• Goal of the exercise: Return, from the lines below, each one that includes the word "shows".

• Material provided:

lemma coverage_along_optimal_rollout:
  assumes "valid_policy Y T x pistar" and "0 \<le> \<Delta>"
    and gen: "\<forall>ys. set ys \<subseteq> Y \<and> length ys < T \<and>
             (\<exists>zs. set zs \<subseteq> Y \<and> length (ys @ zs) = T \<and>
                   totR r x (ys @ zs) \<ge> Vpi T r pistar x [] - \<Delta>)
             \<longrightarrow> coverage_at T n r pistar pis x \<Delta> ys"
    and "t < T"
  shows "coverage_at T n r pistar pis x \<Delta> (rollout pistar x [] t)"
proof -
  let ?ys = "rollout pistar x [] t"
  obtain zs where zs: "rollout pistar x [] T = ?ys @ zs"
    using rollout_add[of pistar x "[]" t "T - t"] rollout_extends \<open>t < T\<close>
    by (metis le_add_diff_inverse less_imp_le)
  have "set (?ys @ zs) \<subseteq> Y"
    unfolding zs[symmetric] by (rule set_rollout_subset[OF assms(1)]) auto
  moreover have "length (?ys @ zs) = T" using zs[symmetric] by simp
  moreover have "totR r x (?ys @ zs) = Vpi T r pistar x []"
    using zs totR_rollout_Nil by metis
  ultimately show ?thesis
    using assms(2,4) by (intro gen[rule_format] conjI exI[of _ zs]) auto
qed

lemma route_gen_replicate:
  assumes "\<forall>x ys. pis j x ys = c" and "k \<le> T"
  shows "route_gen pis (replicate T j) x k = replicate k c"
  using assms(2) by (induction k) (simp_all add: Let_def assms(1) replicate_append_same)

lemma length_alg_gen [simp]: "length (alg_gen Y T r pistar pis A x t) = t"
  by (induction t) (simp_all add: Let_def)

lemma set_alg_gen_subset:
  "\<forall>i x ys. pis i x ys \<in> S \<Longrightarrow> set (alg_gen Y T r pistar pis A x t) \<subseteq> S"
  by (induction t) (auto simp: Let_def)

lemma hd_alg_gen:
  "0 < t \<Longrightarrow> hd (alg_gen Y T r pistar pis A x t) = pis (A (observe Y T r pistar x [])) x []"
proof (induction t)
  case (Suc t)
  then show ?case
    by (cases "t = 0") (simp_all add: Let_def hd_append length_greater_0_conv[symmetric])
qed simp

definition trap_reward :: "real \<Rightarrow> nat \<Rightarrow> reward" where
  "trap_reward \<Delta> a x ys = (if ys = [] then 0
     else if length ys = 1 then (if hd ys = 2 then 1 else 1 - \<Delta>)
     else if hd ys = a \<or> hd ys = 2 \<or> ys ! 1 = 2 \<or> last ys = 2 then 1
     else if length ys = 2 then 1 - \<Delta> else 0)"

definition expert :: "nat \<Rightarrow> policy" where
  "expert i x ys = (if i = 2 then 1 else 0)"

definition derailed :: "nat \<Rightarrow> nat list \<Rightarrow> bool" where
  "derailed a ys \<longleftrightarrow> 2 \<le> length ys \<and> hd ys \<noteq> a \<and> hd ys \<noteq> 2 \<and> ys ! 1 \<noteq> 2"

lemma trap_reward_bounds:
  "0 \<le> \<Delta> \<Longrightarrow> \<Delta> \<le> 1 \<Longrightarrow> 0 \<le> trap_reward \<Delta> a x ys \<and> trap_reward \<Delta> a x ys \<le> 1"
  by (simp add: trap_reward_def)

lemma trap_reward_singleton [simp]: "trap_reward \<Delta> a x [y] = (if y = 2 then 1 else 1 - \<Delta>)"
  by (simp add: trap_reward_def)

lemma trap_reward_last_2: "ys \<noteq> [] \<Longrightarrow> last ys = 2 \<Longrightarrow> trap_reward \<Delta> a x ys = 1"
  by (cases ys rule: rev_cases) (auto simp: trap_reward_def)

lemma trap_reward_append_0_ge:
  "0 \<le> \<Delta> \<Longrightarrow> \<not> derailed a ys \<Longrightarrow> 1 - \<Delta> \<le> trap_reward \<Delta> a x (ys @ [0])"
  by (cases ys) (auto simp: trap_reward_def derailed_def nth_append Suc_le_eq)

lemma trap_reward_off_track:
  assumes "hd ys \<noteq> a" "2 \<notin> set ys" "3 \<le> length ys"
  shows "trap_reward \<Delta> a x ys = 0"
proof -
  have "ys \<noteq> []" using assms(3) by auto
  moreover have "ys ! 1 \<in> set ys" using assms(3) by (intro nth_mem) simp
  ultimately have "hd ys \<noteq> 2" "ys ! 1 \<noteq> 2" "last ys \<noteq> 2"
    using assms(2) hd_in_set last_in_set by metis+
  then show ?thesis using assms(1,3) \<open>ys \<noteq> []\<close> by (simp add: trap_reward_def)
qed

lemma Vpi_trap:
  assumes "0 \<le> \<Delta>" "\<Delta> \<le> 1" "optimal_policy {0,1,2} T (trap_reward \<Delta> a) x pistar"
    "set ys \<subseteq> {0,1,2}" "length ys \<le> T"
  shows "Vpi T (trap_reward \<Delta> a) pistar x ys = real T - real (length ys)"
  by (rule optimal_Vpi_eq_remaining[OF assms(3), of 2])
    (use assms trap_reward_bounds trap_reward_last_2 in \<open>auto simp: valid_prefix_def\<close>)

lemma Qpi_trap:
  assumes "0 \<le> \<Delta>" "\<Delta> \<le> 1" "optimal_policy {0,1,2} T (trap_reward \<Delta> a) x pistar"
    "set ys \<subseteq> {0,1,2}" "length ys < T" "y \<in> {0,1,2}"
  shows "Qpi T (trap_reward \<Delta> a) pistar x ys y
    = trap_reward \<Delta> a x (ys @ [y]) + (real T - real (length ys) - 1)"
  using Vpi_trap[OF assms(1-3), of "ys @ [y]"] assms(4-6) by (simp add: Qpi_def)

--

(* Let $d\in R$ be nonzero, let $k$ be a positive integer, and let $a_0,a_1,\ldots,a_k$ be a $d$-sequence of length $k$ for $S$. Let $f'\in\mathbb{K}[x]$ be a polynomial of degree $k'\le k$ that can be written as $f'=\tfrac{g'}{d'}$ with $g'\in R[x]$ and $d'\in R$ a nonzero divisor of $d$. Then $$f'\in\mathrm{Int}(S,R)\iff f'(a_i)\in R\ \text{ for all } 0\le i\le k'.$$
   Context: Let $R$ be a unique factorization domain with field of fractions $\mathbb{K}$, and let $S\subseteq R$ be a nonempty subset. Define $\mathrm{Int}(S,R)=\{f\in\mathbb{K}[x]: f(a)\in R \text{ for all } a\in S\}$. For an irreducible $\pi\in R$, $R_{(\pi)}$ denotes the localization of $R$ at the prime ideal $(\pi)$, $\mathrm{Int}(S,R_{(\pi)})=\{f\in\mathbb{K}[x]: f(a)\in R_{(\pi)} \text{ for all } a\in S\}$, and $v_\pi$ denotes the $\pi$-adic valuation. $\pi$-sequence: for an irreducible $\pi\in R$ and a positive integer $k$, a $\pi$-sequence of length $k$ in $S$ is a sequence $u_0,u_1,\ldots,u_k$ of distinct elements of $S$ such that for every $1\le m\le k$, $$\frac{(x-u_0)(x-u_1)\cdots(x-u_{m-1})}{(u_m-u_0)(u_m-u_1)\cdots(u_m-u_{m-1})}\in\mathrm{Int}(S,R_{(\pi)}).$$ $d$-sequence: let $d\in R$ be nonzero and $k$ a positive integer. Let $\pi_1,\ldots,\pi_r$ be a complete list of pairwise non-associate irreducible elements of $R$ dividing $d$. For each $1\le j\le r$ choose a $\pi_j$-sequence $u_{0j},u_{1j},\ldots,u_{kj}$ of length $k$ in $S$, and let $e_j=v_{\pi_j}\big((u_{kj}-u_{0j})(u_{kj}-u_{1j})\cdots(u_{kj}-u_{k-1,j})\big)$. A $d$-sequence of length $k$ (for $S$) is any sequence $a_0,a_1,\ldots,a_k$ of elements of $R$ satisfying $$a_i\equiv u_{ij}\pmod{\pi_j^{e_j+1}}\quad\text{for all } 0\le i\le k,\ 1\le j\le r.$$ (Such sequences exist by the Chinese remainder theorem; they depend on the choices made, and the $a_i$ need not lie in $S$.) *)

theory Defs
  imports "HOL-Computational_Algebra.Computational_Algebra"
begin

• Expected answer:
  shows "coverage_at T n r pistar pis x \<Delta> (rollout pistar x [] t)"
  shows "route_gen pis (replicate T j) x k = replicate k c"
  shows "trap_reward \<Delta> a x ys = 0"
  shows "Vpi T (trap_reward \<Delta> a) pistar x ys = real T - real (length ys)"
  shows "Qpi T (trap_reward \<Delta> a) pistar x ys y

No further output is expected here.